- Action item
Check each line of the material for the string "qubit", and copy the lines that have it.

- Dataset
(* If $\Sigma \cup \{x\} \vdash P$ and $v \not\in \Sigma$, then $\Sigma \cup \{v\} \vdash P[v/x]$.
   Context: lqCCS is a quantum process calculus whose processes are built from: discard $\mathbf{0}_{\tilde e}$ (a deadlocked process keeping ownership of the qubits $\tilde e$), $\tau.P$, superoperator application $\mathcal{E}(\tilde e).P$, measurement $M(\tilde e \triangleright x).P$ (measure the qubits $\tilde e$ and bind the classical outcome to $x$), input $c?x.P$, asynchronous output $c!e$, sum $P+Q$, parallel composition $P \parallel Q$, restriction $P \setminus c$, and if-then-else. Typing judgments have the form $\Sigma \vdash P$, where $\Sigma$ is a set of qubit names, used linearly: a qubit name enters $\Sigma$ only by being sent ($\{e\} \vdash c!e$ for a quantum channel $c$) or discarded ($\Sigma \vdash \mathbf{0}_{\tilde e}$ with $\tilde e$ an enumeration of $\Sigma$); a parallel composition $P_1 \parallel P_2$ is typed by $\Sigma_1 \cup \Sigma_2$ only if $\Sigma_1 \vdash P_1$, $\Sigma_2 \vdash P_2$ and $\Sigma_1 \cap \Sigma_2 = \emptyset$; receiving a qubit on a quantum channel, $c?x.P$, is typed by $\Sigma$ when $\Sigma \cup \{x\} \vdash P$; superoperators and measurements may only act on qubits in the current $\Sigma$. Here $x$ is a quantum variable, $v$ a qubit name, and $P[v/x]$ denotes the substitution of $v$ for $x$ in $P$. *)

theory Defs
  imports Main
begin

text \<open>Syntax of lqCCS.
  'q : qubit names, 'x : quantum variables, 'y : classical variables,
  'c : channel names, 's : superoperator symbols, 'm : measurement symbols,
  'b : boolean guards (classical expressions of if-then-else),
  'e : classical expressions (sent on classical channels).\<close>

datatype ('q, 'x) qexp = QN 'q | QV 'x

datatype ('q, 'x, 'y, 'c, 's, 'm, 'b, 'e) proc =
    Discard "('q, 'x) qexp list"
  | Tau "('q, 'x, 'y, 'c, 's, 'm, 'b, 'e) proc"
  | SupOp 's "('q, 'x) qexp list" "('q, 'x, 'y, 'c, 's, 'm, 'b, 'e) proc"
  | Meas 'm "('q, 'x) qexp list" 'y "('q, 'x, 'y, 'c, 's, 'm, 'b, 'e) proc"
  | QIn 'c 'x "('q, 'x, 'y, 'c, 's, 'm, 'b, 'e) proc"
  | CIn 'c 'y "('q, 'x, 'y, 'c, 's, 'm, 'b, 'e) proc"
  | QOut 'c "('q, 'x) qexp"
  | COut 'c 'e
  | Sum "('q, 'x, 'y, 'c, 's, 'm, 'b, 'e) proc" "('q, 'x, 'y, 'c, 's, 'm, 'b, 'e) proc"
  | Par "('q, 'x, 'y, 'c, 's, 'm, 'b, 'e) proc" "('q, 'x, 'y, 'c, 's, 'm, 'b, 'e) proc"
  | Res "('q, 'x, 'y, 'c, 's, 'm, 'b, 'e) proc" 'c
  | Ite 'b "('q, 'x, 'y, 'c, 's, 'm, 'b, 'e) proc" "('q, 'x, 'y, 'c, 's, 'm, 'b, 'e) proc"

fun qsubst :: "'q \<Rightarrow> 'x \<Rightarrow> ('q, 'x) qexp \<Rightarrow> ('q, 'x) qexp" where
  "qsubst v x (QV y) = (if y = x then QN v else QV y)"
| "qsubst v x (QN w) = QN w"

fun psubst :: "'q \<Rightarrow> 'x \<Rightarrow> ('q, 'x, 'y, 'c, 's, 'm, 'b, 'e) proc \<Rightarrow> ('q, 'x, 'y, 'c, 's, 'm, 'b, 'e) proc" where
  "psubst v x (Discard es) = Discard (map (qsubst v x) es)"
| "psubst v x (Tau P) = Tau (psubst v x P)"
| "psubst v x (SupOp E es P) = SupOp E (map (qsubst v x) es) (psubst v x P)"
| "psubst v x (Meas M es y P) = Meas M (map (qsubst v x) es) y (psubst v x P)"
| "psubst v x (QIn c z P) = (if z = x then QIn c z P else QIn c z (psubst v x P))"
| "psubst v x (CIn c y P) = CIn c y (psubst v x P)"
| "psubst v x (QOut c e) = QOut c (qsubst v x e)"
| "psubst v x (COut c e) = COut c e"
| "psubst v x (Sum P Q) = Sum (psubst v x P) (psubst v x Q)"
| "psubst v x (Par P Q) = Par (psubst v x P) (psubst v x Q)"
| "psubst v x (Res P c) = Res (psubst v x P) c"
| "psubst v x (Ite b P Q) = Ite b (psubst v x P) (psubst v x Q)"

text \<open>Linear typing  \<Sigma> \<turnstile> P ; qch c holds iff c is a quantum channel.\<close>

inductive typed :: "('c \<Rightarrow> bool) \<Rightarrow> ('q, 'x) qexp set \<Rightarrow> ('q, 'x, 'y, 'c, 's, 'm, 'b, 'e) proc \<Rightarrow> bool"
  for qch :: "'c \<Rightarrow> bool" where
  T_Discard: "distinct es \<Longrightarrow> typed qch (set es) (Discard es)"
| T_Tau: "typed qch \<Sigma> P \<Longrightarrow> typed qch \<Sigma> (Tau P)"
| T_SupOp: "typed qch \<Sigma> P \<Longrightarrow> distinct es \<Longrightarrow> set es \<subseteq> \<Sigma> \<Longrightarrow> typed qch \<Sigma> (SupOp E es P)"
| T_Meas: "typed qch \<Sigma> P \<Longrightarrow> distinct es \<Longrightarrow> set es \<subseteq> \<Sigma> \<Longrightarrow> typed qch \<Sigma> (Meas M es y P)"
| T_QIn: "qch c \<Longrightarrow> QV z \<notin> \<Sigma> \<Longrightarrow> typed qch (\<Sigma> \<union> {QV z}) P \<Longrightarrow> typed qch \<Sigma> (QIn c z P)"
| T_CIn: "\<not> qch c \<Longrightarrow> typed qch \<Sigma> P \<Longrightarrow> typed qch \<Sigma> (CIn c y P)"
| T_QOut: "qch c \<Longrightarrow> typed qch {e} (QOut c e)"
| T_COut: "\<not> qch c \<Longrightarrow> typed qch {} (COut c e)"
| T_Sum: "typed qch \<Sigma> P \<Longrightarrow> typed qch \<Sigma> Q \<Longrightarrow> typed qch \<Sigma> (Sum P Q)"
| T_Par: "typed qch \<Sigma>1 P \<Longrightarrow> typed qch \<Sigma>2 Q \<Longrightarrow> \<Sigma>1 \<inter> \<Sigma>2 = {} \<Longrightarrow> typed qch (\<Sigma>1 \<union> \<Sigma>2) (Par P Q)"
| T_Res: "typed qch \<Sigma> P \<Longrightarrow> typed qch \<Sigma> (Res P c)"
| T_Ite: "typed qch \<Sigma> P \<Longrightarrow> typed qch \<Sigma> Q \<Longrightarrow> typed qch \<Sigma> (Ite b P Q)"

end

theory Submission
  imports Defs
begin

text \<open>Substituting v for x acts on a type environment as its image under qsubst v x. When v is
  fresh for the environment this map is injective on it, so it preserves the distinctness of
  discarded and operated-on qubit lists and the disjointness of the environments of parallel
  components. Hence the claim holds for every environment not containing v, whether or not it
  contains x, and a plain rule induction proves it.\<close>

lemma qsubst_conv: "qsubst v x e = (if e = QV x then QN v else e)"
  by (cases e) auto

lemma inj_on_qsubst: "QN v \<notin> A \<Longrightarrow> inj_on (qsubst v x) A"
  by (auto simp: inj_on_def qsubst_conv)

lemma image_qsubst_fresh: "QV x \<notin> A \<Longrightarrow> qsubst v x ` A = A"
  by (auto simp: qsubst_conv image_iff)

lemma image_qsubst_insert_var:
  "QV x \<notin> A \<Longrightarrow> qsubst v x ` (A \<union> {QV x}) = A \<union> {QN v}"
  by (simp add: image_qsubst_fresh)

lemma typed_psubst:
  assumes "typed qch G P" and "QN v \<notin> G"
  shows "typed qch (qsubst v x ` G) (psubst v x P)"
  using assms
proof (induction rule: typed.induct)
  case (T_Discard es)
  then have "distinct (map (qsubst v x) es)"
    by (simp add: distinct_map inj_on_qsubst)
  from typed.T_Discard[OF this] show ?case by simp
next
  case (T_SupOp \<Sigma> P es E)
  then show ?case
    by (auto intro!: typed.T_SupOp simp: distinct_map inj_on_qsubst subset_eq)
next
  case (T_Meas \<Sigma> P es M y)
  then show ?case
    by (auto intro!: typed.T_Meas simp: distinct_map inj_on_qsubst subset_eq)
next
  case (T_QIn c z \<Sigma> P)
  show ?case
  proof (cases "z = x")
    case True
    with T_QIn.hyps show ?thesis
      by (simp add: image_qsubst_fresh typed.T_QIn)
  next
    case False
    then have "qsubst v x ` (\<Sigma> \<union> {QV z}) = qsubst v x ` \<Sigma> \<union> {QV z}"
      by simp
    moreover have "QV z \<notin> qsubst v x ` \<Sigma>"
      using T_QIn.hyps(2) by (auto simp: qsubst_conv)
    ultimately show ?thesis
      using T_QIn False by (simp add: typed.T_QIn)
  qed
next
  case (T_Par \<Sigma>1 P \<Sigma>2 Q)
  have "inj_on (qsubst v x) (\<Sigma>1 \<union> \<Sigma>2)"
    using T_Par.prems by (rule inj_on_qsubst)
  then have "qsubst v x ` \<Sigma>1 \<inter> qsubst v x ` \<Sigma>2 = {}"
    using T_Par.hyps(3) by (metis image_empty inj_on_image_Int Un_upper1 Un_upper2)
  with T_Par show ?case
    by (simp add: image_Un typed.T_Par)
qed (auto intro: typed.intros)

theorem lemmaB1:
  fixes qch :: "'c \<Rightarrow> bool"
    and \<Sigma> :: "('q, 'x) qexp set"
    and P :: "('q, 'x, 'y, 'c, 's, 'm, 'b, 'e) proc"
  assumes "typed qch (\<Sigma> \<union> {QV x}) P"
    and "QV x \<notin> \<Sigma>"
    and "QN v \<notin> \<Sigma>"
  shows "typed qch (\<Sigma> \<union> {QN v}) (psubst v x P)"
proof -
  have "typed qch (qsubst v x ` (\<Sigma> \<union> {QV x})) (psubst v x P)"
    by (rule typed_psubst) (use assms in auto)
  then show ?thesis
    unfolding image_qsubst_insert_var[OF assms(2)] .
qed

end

* * *

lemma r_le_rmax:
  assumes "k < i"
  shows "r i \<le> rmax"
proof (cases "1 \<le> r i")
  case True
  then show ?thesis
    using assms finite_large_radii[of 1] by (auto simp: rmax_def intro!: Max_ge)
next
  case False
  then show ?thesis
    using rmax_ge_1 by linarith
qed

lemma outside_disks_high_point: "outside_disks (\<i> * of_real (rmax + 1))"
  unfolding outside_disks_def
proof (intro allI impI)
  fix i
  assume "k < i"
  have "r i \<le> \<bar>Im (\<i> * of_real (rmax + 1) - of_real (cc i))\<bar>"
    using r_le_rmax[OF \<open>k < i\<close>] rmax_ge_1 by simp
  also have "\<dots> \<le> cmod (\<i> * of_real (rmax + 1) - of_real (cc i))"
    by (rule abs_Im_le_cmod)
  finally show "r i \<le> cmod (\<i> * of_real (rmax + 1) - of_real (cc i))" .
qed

- Task solution
   Context: lqCCS is a quantum process calculus whose processes are built from: discard $\mathbf{0}_{\tilde e}$ (a deadlocked process keeping ownership of the qubits $\tilde e$), $\tau.P$, superoperator application $\mathcal{E}(\tilde e).P$, measurement $M(\tilde e \triangleright x).P$ (measure the qubits $\tilde e$ and bind the classical outcome to $x$), input $c?x.P$, asynchronous output $c!e$, sum $P+Q$, parallel composition $P \parallel Q$, restriction $P \setminus c$, and if-then-else. Typing judgments have the form $\Sigma \vdash P$, where $\Sigma$ is a set of qubit names, used linearly: a qubit name enters $\Sigma$ only by being sent ($\{e\} \vdash c!e$ for a quantum channel $c$) or discarded ($\Sigma \vdash \mathbf{0}_{\tilde e}$ with $\tilde e$ an enumeration of $\Sigma$); a parallel composition $P_1 \parallel P_2$ is typed by $\Sigma_1 \cup \Sigma_2$ only if $\Sigma_1 \vdash P_1$, $\Sigma_2 \vdash P_2$ and $\Sigma_1 \cap \Sigma_2 = \emptyset$; receiving a qubit on a quantum channel, $c?x.P$, is typed by $\Sigma$ when $\Sigma \cup \{x\} \vdash P$; superoperators and measurements may only act on qubits in the current $\Sigma$. Here $x$ is a quantum variable, $v$ a qubit name, and $P[v/x]$ denotes the substitution of $v$ for $x$ in $P$. *)
  'q : qubit names, 'x : quantum variables, 'y : classical variables,
  discarded and operated-on qubit lists and the disjointness of the environments of parallel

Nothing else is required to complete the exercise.